▶

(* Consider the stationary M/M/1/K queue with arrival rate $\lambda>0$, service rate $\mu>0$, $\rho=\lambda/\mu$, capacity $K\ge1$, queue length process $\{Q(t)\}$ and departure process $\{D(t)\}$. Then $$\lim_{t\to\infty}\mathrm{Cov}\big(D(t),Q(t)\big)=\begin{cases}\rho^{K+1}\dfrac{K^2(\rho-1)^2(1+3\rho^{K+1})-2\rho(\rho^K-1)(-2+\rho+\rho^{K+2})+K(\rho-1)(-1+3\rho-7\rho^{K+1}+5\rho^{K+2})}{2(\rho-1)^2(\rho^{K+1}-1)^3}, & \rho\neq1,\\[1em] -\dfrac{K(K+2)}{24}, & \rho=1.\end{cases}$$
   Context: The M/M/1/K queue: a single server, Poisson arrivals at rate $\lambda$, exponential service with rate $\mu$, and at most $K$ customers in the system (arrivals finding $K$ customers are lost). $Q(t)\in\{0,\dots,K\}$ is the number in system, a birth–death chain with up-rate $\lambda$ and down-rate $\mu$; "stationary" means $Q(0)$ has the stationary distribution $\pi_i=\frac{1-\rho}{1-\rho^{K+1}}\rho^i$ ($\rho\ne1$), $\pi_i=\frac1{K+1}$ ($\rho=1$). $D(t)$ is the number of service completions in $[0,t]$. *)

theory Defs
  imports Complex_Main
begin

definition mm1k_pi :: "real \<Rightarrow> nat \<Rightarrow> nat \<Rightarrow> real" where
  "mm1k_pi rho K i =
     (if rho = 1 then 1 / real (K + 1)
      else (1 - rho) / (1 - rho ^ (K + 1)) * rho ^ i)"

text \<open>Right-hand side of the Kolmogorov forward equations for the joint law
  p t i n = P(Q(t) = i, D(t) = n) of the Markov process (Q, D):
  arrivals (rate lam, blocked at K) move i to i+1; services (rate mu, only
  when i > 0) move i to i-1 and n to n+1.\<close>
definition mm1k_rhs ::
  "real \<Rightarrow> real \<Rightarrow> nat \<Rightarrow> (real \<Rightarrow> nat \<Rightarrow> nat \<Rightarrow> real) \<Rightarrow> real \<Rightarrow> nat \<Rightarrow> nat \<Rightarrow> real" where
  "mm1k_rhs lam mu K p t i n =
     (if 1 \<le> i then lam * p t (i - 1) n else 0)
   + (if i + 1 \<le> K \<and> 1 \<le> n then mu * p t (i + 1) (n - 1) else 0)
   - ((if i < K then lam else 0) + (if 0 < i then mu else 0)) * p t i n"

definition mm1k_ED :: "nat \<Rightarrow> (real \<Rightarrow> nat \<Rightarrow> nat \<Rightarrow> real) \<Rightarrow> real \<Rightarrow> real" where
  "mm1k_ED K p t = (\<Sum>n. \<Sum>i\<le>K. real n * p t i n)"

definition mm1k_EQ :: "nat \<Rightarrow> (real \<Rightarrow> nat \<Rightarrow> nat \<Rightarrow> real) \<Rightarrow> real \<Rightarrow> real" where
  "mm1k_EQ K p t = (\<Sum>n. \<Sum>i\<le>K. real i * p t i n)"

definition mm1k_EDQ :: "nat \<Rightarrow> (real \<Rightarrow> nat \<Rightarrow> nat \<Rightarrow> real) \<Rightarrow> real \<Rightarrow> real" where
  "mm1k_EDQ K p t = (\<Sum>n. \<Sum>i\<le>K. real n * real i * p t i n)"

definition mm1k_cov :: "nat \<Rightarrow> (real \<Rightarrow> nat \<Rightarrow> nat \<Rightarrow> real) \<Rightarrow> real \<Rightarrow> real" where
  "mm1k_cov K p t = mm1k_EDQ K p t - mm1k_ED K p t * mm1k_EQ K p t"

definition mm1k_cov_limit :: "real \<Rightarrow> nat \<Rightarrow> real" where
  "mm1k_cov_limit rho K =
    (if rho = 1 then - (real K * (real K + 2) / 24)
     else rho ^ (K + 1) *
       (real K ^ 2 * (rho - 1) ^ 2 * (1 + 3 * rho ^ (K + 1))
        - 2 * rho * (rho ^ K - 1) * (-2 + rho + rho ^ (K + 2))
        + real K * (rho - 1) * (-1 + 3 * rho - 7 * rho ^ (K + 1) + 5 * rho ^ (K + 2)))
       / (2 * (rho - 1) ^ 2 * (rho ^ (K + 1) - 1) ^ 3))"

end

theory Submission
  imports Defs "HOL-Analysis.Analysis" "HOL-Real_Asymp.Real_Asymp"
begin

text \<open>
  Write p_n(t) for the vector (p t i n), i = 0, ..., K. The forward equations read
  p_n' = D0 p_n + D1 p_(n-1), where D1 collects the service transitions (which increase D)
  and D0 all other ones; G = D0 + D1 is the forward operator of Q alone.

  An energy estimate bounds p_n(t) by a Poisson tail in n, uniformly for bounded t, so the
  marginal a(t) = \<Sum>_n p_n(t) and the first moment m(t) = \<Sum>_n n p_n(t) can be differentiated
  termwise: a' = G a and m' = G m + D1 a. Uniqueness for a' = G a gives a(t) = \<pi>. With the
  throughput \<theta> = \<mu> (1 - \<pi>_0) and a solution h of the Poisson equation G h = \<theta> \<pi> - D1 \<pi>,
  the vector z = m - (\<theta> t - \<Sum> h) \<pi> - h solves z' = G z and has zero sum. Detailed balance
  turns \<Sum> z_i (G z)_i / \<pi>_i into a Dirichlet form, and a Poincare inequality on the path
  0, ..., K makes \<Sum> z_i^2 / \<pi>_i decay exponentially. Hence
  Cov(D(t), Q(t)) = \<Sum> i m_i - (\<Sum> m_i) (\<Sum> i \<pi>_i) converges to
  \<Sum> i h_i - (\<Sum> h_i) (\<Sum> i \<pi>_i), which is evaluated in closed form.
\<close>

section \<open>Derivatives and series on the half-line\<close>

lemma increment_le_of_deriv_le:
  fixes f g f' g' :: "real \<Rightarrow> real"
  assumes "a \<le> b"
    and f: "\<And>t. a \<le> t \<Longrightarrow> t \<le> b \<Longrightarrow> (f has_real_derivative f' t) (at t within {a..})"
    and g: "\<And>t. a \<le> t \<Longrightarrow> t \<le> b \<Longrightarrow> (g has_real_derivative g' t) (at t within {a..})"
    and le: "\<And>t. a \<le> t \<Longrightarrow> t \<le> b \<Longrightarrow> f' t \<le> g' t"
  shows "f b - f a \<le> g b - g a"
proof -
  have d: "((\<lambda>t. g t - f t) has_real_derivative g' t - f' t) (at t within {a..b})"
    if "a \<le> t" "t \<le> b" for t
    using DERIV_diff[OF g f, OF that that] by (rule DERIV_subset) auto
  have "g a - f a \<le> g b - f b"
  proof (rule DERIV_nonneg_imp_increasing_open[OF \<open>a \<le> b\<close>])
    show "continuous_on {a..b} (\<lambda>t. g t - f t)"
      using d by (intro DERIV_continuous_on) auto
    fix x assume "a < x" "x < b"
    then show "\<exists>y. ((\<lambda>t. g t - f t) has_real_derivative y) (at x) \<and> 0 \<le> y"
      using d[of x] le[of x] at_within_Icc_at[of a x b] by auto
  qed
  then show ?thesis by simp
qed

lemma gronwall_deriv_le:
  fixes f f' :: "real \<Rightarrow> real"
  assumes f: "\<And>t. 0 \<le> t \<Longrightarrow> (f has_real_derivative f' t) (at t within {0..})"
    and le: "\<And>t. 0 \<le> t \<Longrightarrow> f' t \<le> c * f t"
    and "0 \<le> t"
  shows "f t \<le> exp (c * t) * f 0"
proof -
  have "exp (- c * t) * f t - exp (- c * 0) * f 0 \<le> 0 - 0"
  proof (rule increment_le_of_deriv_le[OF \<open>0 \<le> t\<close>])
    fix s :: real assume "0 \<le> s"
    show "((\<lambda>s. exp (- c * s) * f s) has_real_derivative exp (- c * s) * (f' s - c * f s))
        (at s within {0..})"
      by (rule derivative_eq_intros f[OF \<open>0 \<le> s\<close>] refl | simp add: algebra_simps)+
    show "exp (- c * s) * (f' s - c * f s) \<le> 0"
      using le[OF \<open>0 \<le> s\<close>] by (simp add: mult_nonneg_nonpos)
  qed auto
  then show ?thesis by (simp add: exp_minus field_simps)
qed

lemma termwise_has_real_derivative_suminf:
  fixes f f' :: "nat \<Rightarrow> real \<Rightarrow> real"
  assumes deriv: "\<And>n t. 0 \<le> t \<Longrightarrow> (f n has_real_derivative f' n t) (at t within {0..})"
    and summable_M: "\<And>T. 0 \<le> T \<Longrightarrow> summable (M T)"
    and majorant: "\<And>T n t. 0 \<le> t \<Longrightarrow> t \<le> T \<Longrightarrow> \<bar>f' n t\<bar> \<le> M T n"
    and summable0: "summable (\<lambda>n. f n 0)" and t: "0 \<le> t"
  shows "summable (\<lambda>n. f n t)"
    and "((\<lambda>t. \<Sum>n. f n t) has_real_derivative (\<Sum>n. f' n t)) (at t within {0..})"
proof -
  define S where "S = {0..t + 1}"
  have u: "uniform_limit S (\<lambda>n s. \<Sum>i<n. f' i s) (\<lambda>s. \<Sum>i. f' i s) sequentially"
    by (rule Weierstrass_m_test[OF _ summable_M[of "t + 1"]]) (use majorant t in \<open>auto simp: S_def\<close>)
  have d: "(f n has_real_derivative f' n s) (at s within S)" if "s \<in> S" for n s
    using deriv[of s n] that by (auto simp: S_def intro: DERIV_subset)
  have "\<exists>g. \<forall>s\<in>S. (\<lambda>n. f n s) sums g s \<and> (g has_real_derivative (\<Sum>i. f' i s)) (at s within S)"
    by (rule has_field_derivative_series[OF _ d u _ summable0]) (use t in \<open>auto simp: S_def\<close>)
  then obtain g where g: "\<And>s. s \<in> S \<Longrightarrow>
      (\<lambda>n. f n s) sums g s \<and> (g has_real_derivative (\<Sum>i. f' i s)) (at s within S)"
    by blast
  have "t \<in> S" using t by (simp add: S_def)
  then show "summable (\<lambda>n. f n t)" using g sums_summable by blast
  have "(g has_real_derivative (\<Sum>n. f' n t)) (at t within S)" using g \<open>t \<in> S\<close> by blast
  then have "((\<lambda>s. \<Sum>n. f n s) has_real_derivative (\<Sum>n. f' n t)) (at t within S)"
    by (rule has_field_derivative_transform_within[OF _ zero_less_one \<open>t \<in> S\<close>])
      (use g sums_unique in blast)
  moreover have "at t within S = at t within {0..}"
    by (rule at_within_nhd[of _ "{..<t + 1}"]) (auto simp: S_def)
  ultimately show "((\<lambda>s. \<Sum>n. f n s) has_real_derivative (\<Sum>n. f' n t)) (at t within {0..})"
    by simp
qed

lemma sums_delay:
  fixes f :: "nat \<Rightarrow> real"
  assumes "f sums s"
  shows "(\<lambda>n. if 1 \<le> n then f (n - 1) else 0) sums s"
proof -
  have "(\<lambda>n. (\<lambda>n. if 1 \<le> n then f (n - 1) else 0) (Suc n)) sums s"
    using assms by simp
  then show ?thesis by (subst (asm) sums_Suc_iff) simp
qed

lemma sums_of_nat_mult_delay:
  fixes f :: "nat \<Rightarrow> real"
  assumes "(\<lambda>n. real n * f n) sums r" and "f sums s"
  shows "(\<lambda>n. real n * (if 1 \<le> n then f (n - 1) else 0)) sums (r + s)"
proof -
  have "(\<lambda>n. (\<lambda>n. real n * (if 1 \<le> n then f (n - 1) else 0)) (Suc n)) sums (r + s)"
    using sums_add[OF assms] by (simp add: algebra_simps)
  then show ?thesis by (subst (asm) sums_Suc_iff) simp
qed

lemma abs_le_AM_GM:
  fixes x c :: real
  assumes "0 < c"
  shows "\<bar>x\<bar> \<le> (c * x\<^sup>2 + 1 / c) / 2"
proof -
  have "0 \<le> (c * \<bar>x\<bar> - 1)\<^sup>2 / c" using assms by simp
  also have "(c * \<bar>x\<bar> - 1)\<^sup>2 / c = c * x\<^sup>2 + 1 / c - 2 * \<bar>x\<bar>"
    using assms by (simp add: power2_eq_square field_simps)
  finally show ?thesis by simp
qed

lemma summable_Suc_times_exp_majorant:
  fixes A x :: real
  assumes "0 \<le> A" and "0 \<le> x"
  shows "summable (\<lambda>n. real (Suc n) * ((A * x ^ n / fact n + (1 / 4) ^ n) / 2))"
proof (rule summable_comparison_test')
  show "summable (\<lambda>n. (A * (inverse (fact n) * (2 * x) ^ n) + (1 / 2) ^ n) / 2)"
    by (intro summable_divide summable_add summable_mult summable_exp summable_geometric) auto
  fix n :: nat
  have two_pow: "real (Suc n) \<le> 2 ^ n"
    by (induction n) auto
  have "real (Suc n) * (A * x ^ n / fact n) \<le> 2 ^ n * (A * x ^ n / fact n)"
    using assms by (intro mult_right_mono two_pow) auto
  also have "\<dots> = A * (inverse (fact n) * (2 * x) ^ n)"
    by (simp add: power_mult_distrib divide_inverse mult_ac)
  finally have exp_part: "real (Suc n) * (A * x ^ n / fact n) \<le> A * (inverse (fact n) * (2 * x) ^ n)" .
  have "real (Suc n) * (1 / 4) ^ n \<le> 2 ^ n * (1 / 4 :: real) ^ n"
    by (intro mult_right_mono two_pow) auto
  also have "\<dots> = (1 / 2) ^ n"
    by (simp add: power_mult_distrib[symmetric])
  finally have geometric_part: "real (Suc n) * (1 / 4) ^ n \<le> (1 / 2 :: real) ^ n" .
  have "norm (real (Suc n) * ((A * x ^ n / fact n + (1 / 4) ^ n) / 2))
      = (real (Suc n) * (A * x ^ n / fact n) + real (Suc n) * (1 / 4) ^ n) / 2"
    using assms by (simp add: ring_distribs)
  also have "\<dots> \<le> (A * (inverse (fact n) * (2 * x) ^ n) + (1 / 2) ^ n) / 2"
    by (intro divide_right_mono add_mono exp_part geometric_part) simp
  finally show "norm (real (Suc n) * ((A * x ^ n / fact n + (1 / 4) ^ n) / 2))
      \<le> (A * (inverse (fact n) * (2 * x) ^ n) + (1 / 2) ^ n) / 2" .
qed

◀

** Work to complete **
Your answer should be the lines of the records that include the word "forward".

** Final answer **
text \<open>Right-hand side of the Kolmogorov forward equations for the joint law
  Write p_n(t) for the vector (p t i n), i = 0, ..., K. The forward equations read
  and D0 all other ones; G = D0 + D1 is the forward operator of Q alone.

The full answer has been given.